**Dataset extract**:
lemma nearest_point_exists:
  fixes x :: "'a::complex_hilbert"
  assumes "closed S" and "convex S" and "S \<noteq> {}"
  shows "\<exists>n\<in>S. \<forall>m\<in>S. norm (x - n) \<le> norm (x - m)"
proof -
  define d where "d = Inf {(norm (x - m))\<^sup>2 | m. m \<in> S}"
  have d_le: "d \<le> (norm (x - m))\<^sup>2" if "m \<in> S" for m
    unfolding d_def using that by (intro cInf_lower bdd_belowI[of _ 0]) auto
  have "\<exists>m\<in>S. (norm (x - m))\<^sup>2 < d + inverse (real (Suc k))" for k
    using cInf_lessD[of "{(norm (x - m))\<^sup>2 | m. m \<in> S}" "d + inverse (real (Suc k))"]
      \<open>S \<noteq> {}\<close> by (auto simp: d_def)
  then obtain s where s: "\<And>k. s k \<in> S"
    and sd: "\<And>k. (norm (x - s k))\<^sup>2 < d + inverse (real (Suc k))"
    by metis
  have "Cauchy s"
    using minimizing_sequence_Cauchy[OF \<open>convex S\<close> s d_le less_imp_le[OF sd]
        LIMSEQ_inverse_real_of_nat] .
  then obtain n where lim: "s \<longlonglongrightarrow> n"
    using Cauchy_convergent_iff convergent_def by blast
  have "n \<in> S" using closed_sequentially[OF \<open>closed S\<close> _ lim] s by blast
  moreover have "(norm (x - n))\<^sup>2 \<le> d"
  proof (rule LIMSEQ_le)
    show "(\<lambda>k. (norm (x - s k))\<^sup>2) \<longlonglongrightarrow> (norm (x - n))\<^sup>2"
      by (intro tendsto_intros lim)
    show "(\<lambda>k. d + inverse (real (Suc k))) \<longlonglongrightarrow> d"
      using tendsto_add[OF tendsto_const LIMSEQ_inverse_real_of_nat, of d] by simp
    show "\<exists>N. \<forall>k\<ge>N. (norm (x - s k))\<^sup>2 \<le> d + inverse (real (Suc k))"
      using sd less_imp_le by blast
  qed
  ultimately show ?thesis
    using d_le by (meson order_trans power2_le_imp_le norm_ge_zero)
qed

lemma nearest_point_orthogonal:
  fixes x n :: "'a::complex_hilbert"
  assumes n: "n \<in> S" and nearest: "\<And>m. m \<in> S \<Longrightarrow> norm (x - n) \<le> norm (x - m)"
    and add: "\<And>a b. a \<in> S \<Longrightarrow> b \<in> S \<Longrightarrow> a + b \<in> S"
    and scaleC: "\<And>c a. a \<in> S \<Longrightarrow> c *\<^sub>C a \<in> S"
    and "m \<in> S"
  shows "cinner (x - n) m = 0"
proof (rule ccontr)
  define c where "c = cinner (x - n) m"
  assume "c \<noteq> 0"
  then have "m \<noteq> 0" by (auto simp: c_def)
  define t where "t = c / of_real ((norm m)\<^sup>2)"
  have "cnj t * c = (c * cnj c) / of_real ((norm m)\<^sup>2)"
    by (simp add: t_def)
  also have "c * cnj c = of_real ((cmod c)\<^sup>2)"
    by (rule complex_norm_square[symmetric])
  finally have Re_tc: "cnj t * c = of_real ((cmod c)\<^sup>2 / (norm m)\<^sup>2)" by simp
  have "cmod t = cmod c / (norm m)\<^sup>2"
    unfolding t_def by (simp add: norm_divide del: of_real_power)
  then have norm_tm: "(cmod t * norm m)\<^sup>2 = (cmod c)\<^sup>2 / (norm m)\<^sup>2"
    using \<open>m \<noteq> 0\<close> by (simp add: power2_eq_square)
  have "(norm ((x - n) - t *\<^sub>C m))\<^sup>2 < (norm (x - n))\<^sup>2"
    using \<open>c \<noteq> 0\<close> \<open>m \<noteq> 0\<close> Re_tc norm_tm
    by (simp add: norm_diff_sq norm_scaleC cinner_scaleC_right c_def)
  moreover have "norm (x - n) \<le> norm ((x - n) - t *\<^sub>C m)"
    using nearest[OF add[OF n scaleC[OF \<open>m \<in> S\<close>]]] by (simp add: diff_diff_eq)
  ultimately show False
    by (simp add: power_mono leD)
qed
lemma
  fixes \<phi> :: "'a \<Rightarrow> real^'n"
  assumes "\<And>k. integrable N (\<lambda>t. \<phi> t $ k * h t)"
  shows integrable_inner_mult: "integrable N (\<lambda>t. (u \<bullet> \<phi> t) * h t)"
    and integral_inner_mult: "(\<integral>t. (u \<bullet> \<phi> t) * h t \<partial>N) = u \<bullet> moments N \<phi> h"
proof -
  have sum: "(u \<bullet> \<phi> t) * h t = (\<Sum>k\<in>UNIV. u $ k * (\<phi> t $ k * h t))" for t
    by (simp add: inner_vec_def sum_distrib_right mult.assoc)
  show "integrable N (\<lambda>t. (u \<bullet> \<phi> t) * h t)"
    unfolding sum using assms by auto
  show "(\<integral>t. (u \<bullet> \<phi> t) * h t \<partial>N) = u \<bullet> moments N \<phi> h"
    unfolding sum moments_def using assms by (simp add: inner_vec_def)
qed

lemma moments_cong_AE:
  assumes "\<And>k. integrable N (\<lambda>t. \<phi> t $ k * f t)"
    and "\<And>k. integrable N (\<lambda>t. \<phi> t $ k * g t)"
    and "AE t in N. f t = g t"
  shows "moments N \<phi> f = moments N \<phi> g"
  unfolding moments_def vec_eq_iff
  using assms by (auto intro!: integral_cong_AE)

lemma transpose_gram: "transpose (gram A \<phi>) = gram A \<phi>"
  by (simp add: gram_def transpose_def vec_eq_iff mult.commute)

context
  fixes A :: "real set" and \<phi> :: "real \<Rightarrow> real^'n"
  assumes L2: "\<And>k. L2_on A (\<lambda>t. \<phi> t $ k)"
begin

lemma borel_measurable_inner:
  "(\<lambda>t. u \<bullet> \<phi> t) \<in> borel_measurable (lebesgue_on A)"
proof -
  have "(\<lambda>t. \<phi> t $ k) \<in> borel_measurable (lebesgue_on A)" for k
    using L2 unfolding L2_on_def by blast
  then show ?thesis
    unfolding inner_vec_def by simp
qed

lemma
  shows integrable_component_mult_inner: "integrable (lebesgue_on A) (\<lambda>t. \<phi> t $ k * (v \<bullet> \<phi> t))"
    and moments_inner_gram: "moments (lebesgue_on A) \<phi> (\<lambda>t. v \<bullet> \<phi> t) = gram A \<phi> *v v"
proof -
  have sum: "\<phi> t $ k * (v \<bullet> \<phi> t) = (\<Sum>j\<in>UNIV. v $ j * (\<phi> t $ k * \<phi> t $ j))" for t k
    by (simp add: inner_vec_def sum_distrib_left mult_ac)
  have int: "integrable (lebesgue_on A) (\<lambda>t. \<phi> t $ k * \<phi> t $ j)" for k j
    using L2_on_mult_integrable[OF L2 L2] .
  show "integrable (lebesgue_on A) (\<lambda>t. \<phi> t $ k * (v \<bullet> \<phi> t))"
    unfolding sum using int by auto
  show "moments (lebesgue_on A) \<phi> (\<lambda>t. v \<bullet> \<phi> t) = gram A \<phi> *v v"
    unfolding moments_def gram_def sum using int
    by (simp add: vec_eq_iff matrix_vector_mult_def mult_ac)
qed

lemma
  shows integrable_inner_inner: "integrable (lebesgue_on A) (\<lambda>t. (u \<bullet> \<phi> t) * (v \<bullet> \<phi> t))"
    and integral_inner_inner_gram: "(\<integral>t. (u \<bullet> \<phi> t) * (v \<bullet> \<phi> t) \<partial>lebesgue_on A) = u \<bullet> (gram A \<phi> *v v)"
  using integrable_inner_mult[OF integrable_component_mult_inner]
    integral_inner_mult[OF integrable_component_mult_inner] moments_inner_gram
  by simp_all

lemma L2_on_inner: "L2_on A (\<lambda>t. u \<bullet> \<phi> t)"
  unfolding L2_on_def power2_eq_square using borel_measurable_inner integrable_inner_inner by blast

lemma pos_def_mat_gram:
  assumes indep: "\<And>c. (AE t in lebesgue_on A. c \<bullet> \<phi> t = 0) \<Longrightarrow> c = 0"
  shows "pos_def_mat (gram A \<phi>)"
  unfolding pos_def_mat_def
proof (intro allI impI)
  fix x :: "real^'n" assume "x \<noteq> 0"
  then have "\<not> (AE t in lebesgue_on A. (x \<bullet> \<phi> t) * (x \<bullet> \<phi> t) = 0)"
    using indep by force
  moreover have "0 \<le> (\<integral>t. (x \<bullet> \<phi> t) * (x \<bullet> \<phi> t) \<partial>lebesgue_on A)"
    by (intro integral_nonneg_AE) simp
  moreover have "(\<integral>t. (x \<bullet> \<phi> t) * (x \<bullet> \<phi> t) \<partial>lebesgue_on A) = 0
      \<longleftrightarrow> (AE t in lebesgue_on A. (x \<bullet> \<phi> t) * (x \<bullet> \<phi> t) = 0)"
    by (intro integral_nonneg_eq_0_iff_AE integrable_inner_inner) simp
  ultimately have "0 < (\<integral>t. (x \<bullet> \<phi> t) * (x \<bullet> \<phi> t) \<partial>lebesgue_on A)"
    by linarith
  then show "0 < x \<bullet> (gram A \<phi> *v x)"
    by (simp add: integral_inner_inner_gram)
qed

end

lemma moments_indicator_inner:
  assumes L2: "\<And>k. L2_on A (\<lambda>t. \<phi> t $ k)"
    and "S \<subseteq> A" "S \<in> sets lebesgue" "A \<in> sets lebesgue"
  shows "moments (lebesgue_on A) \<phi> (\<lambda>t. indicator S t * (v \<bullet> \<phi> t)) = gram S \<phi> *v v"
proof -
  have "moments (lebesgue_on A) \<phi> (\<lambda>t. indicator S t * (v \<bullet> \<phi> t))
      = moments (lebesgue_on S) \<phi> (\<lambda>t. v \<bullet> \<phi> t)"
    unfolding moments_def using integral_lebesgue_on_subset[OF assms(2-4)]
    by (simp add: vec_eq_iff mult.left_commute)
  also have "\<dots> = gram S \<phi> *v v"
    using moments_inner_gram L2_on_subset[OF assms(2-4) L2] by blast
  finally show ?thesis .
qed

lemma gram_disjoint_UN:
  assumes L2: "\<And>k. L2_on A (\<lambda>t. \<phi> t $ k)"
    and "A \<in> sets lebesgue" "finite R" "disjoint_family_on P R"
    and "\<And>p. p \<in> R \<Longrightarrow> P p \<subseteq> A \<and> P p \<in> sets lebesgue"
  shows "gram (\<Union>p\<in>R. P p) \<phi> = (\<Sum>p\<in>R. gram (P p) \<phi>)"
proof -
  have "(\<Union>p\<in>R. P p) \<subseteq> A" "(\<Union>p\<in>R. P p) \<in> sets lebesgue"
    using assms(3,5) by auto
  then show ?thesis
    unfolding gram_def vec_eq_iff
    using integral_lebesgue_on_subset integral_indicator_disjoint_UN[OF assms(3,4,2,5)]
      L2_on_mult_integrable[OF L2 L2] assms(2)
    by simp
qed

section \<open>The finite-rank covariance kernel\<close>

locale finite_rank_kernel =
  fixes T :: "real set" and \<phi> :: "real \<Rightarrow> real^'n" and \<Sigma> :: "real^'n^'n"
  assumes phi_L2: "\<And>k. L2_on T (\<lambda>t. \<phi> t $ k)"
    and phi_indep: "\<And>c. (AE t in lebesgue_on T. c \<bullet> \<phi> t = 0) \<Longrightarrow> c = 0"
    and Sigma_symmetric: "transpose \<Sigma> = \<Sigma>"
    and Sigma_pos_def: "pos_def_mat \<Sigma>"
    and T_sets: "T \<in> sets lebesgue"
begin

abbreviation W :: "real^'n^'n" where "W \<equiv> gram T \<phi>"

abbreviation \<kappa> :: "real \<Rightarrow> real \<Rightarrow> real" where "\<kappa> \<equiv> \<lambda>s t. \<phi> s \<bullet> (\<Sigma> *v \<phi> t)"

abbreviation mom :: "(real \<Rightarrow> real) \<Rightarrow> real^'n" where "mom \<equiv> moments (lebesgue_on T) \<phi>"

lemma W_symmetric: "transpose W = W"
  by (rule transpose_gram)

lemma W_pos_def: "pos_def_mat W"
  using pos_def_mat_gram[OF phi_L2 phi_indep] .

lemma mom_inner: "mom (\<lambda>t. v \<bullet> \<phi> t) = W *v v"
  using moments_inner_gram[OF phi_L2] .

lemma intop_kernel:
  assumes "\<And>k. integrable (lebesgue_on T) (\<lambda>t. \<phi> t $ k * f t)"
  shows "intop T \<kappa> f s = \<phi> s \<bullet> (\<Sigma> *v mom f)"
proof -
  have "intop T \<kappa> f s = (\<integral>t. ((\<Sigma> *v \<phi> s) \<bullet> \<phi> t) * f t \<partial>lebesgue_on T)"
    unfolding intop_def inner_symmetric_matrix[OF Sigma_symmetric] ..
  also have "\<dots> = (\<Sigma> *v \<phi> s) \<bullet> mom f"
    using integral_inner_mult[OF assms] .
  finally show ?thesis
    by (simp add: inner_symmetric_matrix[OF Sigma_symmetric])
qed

**Task statement**: Print exactly the lines above from the one with "proof (rule LIMSEQ_le)" to the one with "unfolding t_def by", including both.

**Task response**:
  proof (rule LIMSEQ_le)
    show "(\<lambda>k. (norm (x - s k))\<^sup>2) \<longlonglongrightarrow> (norm (x - n))\<^sup>2"
      by (intro tendsto_intros lim)
    show "(\<lambda>k. d + inverse (real (Suc k))) \<longlonglongrightarrow> d"
      using tendsto_add[OF tendsto_const LIMSEQ_inverse_real_of_nat, of d] by simp
    show "\<exists>N. \<forall>k\<ge>N. (norm (x - s k))\<^sup>2 \<le> d + inverse (real (Suc k))"
      using sd less_imp_le by blast
  qed
  ultimately show ?thesis
    using d_le by (meson order_trans power2_le_imp_le norm_ge_zero)
qed

lemma nearest_point_orthogonal:
  fixes x n :: "'a::complex_hilbert"
  assumes n: "n \<in> S" and nearest: "\<And>m. m \<in> S \<Longrightarrow> norm (x - n) \<le> norm (x - m)"
    and add: "\<And>a b. a \<in> S \<Longrightarrow> b \<in> S \<Longrightarrow> a + b \<in> S"
    and scaleC: "\<And>c a. a \<in> S \<Longrightarrow> c *\<^sub>C a \<in> S"
    and "m \<in> S"
  shows "cinner (x - n) m = 0"
proof (rule ccontr)
  define c where "c = cinner (x - n) m"
  assume "c \<noteq> 0"
  then have "m \<noteq> 0" by (auto simp: c_def)
  define t where "t = c / of_real ((norm m)\<^sup>2)"
  have "cnj t * c = (c * cnj c) / of_real ((norm m)\<^sup>2)"
    by (simp add: t_def)
  also have "c * cnj c = of_real ((cmod c)\<^sup>2)"
    by (rule complex_norm_square[symmetric])
  finally have Re_tc: "cnj t * c = of_real ((cmod c)\<^sup>2 / (norm m)\<^sup>2)" by simp
  have "cmod t = cmod c / (norm m)\<^sup>2"
    unfolding t_def by (simp add: norm_divide del: of_real_power)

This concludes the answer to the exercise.